Detecting Alzheimer's disease earlier means better support and more treatment options, and gives scientists extra opportunity to study the disease. Now, new research could bring the diagnosis time forward by more than a decade in some cases.

An international team of researchers has discovered that in people with a genetic predisposition to Alzheimer's, a particular biomarker in the blood could signal the disease up to 11 years ahead of cognitive symptoms appearing.

The biomarker is the protein beta-synuclein, and can be identified with a simple blood test. It's an indicator of damaged contacts between neurons in the brain, and its links to dementia are becoming increasingly well established.

"Blood levels of this protein reflect neuronal damage and can be determined relatively easily," says neurologist Patrick Öckl, from the German Center for Neurodegenerative Diseases.

"In this, we see a potential biomarker for the early detection of neurodegeneration."

The researchers looked at blood samples from 178 individuals registered with an Alzheimer's research database. The participants were a mix of people, in terms of their visible symptoms of dementia, and having the genetic mutations linked to Alzheimer's.

Through statistical modeling, the team found higher beta-synuclein levels in the blood of asymptomatic mutation carriers compared to those without the mutation, and the highest levels in symptomatic carriers. That's strong evidence that the protein is tied to the earliest damage associated with dementia.

These study participants weren't all followed over time, but references to the typical progression of Alzheimer's and the development of symptoms suggest that checking for this protein could provide more than a decade of early warning.

This makes sense when you know how beta-synuclein works: it's found in the connections (or synapses) between neurons, and when these connections are broken, the protein is released. That this apparently happens early on in the development of dementia gives us more clues as to how dementia first gets started, as well.

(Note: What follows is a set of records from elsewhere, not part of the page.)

lemma normal_ln_sq_mean_diff:
  assumes "0 \<le> m"
  shows "normal_ln_sq_mean m - normal_ln_sq_mean 0 = 2 * integral {0..m} dawson"
proof -
  let ?L = "\<lambda>m z. indicator {1..} z / z * folded_normal_tail m z - indicator {0<..<1} z / z * folded_normal_cdf m z"
  have "?L m z - ?L 0 z = indicator {0<..} z / z * (folded_normal_cdf 0 z - folded_normal_cdf m z)" for z
  proof (cases "0 < z")
    case True
    then have "folded_normal_tail k z = 1 - folded_normal_cdf k z" for k
      using folded_normal_cdf_plus_tail[of z k] by simp
    then show ?thesis
      using True by (simp add: indicator_def diff_divide_distrib)
  qed (simp add: indicator_def)
  then have "has_bochner_integral lborel (\<lambda>z. ?L m z - ?L 0 z) (integral {0..m} dawson)"
    using has_bochner_integral_folded_normal_cdf_diff_div[OF assms] by simp
  moreover have "has_bochner_integral lborel (\<lambda>z. ?L m z - ?L 0 z) (normal_ln_sq_mean m / 2 - normal_ln_sq_mean 0 / 2)"
    by (intro has_bochner_integral_diff has_bochner_integral_normal_ln_sq_mean)
  ultimately show ?thesis
    using has_bochner_integral_eq by fastforce
qed

lemma normal_ln_sq_mean_minus: "normal_ln_sq_mean (- m) = normal_ln_sq_mean m"
proof -
  have "normal_ln_sq_mean (- m) = \<bar>-1\<bar> *\<^sub>R (\<integral>y. ln ((0 + -1 * y)\<^sup>2) * normal_density (- m) 1 (0 + -1 * y) \<partial>lborel)"
    unfolding normal_ln_sq_mean_def by (rule lborel_integral_real_affine) simp
  also have "\<dots> = normal_ln_sq_mean m"
    unfolding normal_ln_sq_mean_def
    by (simp add: normal_density_def power2_commute)
  finally show ?thesis .
qed

lemma ln_one_plus_sq_le_normal_ln_sq_mean_diff:
  "ln (1 + m\<^sup>2) \<le> normal_ln_sq_mean m - normal_ln_sq_mean 0 \<and> (ln (1 + m\<^sup>2) = normal_ln_sq_mean m - normal_ln_sq_mean 0 \<longleftrightarrow> m = 0)"
proof -
  have "ln (1 + \<bar>m\<bar>\<^sup>2) < normal_ln_sq_mean \<bar>m\<bar> - normal_ln_sq_mean 0" if "m \<noteq> 0"
    using ln_one_plus_sq_less_integral_dawson[of "\<bar>m\<bar>"] normal_ln_sq_mean_diff[of "\<bar>m\<bar>"] that by simp
  moreover have "normal_ln_sq_mean \<bar>m\<bar> = normal_ln_sq_mean m"
    by (cases "0 \<le> m") (simp_all add: normal_ln_sq_mean_minus)
  ultimately show ?thesis
    by (cases "m = 0") auto
qed

lemma C1_eq_normal_ln_sq_mean: "C1 = - normal_ln_sq_mean 0"
  unfolding C1_def normal_ln_sq_mean_def normal_density_def
  by (simp flip: integral_mult_right_zero add: mult_ac)

lemma distributed_normal_integral_sq:
  assumes "0 < \<sigma>" and X: "distributed M lborel X (normal_density \<mu> \<sigma>)"
  shows "(\<integral>\<omega>. (X \<omega>)\<^sup>2 \<partial>M) = \<mu>\<^sup>2 + \<sigma>\<^sup>2"
proof -
  have "(\<integral>\<omega>. (X \<omega>)\<^sup>2 \<partial>M) = (\<integral>x. normal_density \<mu> \<sigma> x * x\<^sup>2 \<partial>lborel)"
    by (rule distributed_integral[OF X, symmetric]) auto
  also have "\<dots> = (\<integral>x. normal_density \<mu> \<sigma> x * (x - \<mu>) ^ (2 * 1)
                      + (2 * \<mu> * (normal_density \<mu> \<sigma> x * x) - \<mu>\<^sup>2 * normal_density \<mu> \<sigma> x) \<partial>lborel)"
    by (intro Bochner_Integration.integral_cong) (simp_all add: power2_eq_square algebra_simps)
  also have "\<dots> = (\<integral>x. normal_density \<mu> \<sigma> x * (x - \<mu>) ^ (2 * 1) \<partial>lborel)
                    + (2 * \<mu> * (\<integral>x. normal_density \<mu> \<sigma> x * x \<partial>lborel)
                       - \<mu>\<^sup>2 * (\<integral>x. normal_density \<mu> \<sigma> x \<partial>lborel))"
    using assms(1) by (simp add: integrable_normal_moment integrable_normal_moment_nz_1)
  also have "\<dots> = \<sigma>\<^sup>2 + \<mu>\<^sup>2"
    using assms(1) integral_normal_moment_even[OF assms(1), of \<mu> 1]
    by (simp add: integral_normal_moment_nz_1 power2_eq_square)
  finally show ?thesis by simp
qed

lemma distributed_normal_integral_ln_sq:
  assumes "0 < \<sigma>" and X: "distributed M lborel X (normal_density \<mu> \<sigma>)"
  shows "(\<integral>\<omega>. ln ((X \<omega>)\<^sup>2) \<partial>M) = ln (\<sigma>\<^sup>2) + normal_ln_sq_mean (\<mu> / \<sigma>)"
proof -
  have "(\<integral>\<omega>. ln ((X \<omega>)\<^sup>2) \<partial>M) = (\<integral>x. normal_density \<mu> \<sigma> x * ln (x\<^sup>2) \<partial>lborel)"
    by (rule distributed_integral[OF X, symmetric]) auto
  also have "\<dots> = \<bar>\<sigma>\<bar> *\<^sub>R (\<integral>y. normal_density \<mu> \<sigma> (0 + \<sigma> * y) * ln ((0 + \<sigma> * y)\<^sup>2) \<partial>lborel)"
    using assms by (intro lborel_integral_real_affine) simp
  also have "\<dots> = (\<integral>y. \<sigma> * (normal_density \<mu> \<sigma> (\<sigma> * y) * ln ((\<sigma> * y)\<^sup>2)) \<partial>lborel)"
    using assms by simp
  also have "\<dots> = (\<integral>y. ln (\<sigma>\<^sup>2) * normal_density (\<mu> / \<sigma>) 1 y + ln (y\<^sup>2) * normal_density (\<mu> / \<sigma>) 1 y \<partial>lborel)"
  proof (intro integral_cong_AE eventually_mono[OF AE_lborel_singleton[of 0]])
    fix y :: real assume "y \<noteq> 0"
    then have ln_eq: "ln ((\<sigma> * y)\<^sup>2) = ln (\<sigma>\<^sup>2) + ln (y\<^sup>2)"
      using assms by (simp add: power_mult_distrib ln_mult)
    have density_eq: "\<sigma> * normal_density \<mu> \<sigma> (\<sigma> * y) = normal_density (\<mu> / \<sigma>) 1 y"
      using assms by (simp add: normal_density_def real_sqrt_mult field_simps)
    show "\<sigma> * (normal_density \<mu> \<sigma> (\<sigma> * y) * ln ((\<sigma> * y)\<^sup>2))
        = ln (\<sigma>\<^sup>2) * normal_density (\<mu> / \<sigma>) 1 y + ln (y\<^sup>2) * normal_density (\<mu> / \<sigma>) 1 y"
      by (simp only: mult.assoc[symmetric] ln_eq density_eq) (simp add: algebra_simps)
  qed auto
  also have "\<dots> = ln (\<sigma>\<^sup>2) + normal_ln_sq_mean (\<mu> / \<sigma>)"
    unfolding normal_ln_sq_mean_def
    using integrable_ln_sq_mult_normal_density by simp
  finally show ?thesis .
qed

"Loss of brain mass and other pathological changes that also occur in Alzheimer's disease do not happen until later," says neurologist Markus Otto, from University Medicine Halle in Germany.

"After the onset of symptoms, the more severe the cognitive impairment, the higher the beta-synuclein level in the blood. Thus, this biomarker reflects pathological changes in both the pre-symptomatic and symptomatic stages."

This biomarker has potential beyond early diagnosis. The researchers think monitoring levels of beta-synuclein could help in identifying how quickly Alzheimer's is progressing, and how effective certain treatments are at protecting neurons. It could even help measure brain damage from other conditions, such as a stroke.

But primarily, the goal is to diagnose Alzheimer's disease as early as possible. Promising new treatments like amyloid antibodies can delay the onset of symptoms by years, but they tend to work better when administered early.

"At the moment, Alzheimer's is usually diagnosed quite late," says Öckl. "Thus, we need advances in diagnostics. Otherwise, we won't be able to tap the full potential of these new drugs."

Testing for beta-synuclein levels in at-risk patients could help make the most of these treatment advances.

The research has been published in Alzheimer's & Dementia.